Copy out all the lines in the records that include the word "linarith".
START Extracted data
lemma gamma_tR_bistar:
  assumes "1 \<le> p" "1 \<le> q"
  shows "gamma_tR (bistar_V p q) (bistar_E p q) = 4"
proof (rule gamma_tR_eqI)
  let ?f = "\<lambda>x::nat. if x \<le> 1 then 2 else 0 :: nat"
  show "trdf (bistar_V p q) (bistar_E p q) ?f"
  proof (rule trdf_witnessI[where w = "\<lambda>v. if v = 0 then 1 else if v = 1 \<or> v \<le> p + 1 then 0 else 1"])
    show "\<forall>v\<in>bistar_V p q. ?f v \<le> 2"
      by simp
  qed (use assms in \<open>auto simp: bistar_edge_iff bistar_V_def insert_commute\<close>)
  show "weight (bistar_V p q) ?f = 4"
    by (simp add: weight_bistar)
  fix g
  assume g: "trdf (bistar_V p q) (bistar_E p q) g"
  have "2 \<le> g 0 + g 2"
    by (rule trdf_pendant_weight[OF g]) (use assms bistar_leaf_neighbour(1) in \<open>auto simp: bistar_V_def\<close>)
  moreover have "2 \<le> g 1 + g (p + 2)"
    by (rule trdf_pendant_weight[OF g]) (use assms bistar_leaf_neighbour(2) in \<open>auto simp: bistar_V_def\<close>)
  moreover have "g 2 \<le> sum g {2..p+1}" "g (p + 2) \<le> sum g {p+2..p+q+1}"
    using assms by (intro member_le_sum; simp)+
  ultimately show "4 \<le> weight (bistar_V p q) g"
    by (simp add: weight_bistar)
qed

lemma bistar_cut_leaves:
  "\<forall>l\<in>{2..p+1}. \<forall>a\<in>bistar_V p q. {a, l} \<in> bistar_E p q - {{0, 1}} \<longrightarrow> a = 0"
  "\<forall>l\<in>{p+2..p+q+1}. \<forall>a\<in>bistar_V p q. {a, l} \<in> bistar_E p q - {{0, 1}} \<longrightarrow> a = 1"
  "\<forall>a\<in>bistar_V p q. {a, 0} \<in> bistar_E p q - {{0, 1}} \<longrightarrow> a \<in> {2..p+1}"
  "\<forall>a\<in>bistar_V p q. {a, 1} \<in> bistar_E p q - {{0, 1}} \<longrightarrow> a \<in> {p+2..p+q+1}"
  using bistar_leaf_neighbour by (auto simp: bistar_edge_iff doubleton_eq_iff)

lemma gamma_tR_bistar_cut:
  assumes "2 \<le> p" "2 \<le> q"
  shows "gamma_tR (bistar_V p q) (bistar_E p q - {{0, 1}}) = 6"
proof (rule gamma_tR_eqI)
  let ?f = "\<lambda>x::nat. if x \<le> 1 then 2 else if x = 2 \<or> x = p + 2 then 1 else 0 :: nat"
  show "trdf (bistar_V p q) (bistar_E p q - {{0, 1}}) ?f"
  proof (rule trdf_witnessI[where w = "\<lambda>v. if v = 0 then 2 else if v = 1 then p + 2 else if v \<le> p + 1 then 0 else 1"])
    show "\<forall>v\<in>bistar_V p q. ?f v \<le> 2"
      by simp
  qed (use assms in \<open>auto simp: bistar_edge_iff bistar_V_def insert_commute doubleton_eq_iff\<close>)
  have "sum ?f {2..p+1} = 1" "sum ?f {p+2..p+q+1} = 1"
    using assms by (simp_all add: sum.If_cases)
  then show "weight (bistar_V p q) ?f = 6"
    by (simp add: weight_bistar)
  fix g
  assume g: "trdf (bistar_V p q) (bistar_E p q - {{0, 1}}) g"
  have "3 \<le> g 0 + sum g {2..p+1}"
    by (rule trdf_star_weight[OF g _ _ _ bistar_cut_leaves(1,3), of 2 3]) (use assms in \<open>auto simp: bistar_V_def\<close>)
  moreover have "3 \<le> g 1 + sum g {p+2..p+q+1}"
    by (rule trdf_star_weight[OF g _ _ _ bistar_cut_leaves(2,4), of "p + 2" "p + 3"]) (use assms in \<open>auto simp: bistar_V_def\<close>)
  ultimately show "6 \<le> weight (bistar_V p q) g"
    by (simp add: weight_bistar)
qed

lemma gamma_tR_bistar_1_cut:
  assumes "2 \<le> q"
  shows "gamma_tR (bistar_V 1 q) (bistar_E 1 q - {{0, 1}}) = 5"
proof (rule gamma_tR_eqI)
  let ?f = "\<lambda>x::nat. if x = 1 then 2 else if x = 0 \<or> x = 2 \<or> x = 3 then 1 else 0 :: nat"
  show "trdf (bistar_V 1 q) (bistar_E 1 q - {{0, 1}}) ?f"
  proof (rule trdf_witnessI[where w = "\<lambda>v. if v = 0 then 2 else if v = 1 then 3 else if v = 2 then 0 else 1"])
    show "\<forall>v\<in>bistar_V 1 q. ?f v \<le> 2"
      by simp
  qed (use assms in \<open>auto simp: bistar_edge_iff bistar_V_def insert_commute doubleton_eq_iff\<close>)
  have "sum ?f {1+2..1+q+1} = 1"
    using assms by (simp add: sum.If_cases)
  moreover have "?f 0 + ?f 1 + sum ?f {2..1+1} = 4"
    by simp
  ultimately show "weight (bistar_V 1 q) ?f = 5"
    using weight_bistar[of 1 q ?f] by linarith
  fix g
  assume g: "trdf (bistar_V 1 q) (bistar_E 1 q - {{0, 1}}) g"
  have "2 \<le> g 0 + g 2"
    by (rule trdf_pendant_weight[OF g _ bspec[OF bistar_cut_leaves(1)]]) (simp_all add: bistar_V_def)
  moreover have "3 \<le> g 1 + sum g {1+2..1+q+1}"
    by (rule trdf_star_weight[OF g _ _ _ bistar_cut_leaves(2,4), of 3 4]) (use assms in \<open>auto simp: bistar_V_def\<close>)
  moreover have "sum g {2..1+1} = g 2"
    by (simp add: numeral_2_eq_2)
  ultimately show "5 \<le> weight (bistar_V 1 q) g"
    using weight_bistar[of 1 q g] by linarith
qed

lemma no_isolated_bistar_cut:
  assumes "1 \<le> p" "1 \<le> q"
  shows "no_isolated (bistar_V p q) (bistar_E p q - {{0, 1}})"
  unfolding no_isolated_def
proof
  fix v
  assume "v \<in> bistar_V p q"
  then consider "v = 0" | "v = 1" | "v \<in> {2..p+1}" | "v \<in> {p+2..p+q+1}"
    unfolding bistar_V_def by fastforce
  then show "\<exists>u. {u, v} \<in> bistar_E p q - {{0, 1}}"
  proof cases
    case 1
    then have "{2, v} \<in> bistar_E p q - {{0, 1}}"
      using assms by (simp add: bistar_edge_iff doubleton_eq_iff)
    then show ?thesis ..
  next
    case 2
    then have "{p + 2, v} \<in> bistar_E p q - {{0, 1}}"
      using assms by (simp add: bistar_edge_iff doubleton_eq_iff)
    then show ?thesis ..
  next
    case 3
    then have "{0, v} \<in> bistar_E p q - {{0, 1}}"
      by (auto simp: bistar_edge_iff doubleton_eq_iff)
    then show ?thesis ..
  next
    case 4
    then have "{1, v} \<in> bistar_E p q - {{0, 1}}"
      by (auto simp: bistar_edge_iff doubleton_eq_iff)
    then show ?thesis ..
  qed
qed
END Extracted data
* _Answer for the task_:
    using weight_bistar[of 1 q ?f] by linarith
    using weight_bistar[of 1 q g] by linarith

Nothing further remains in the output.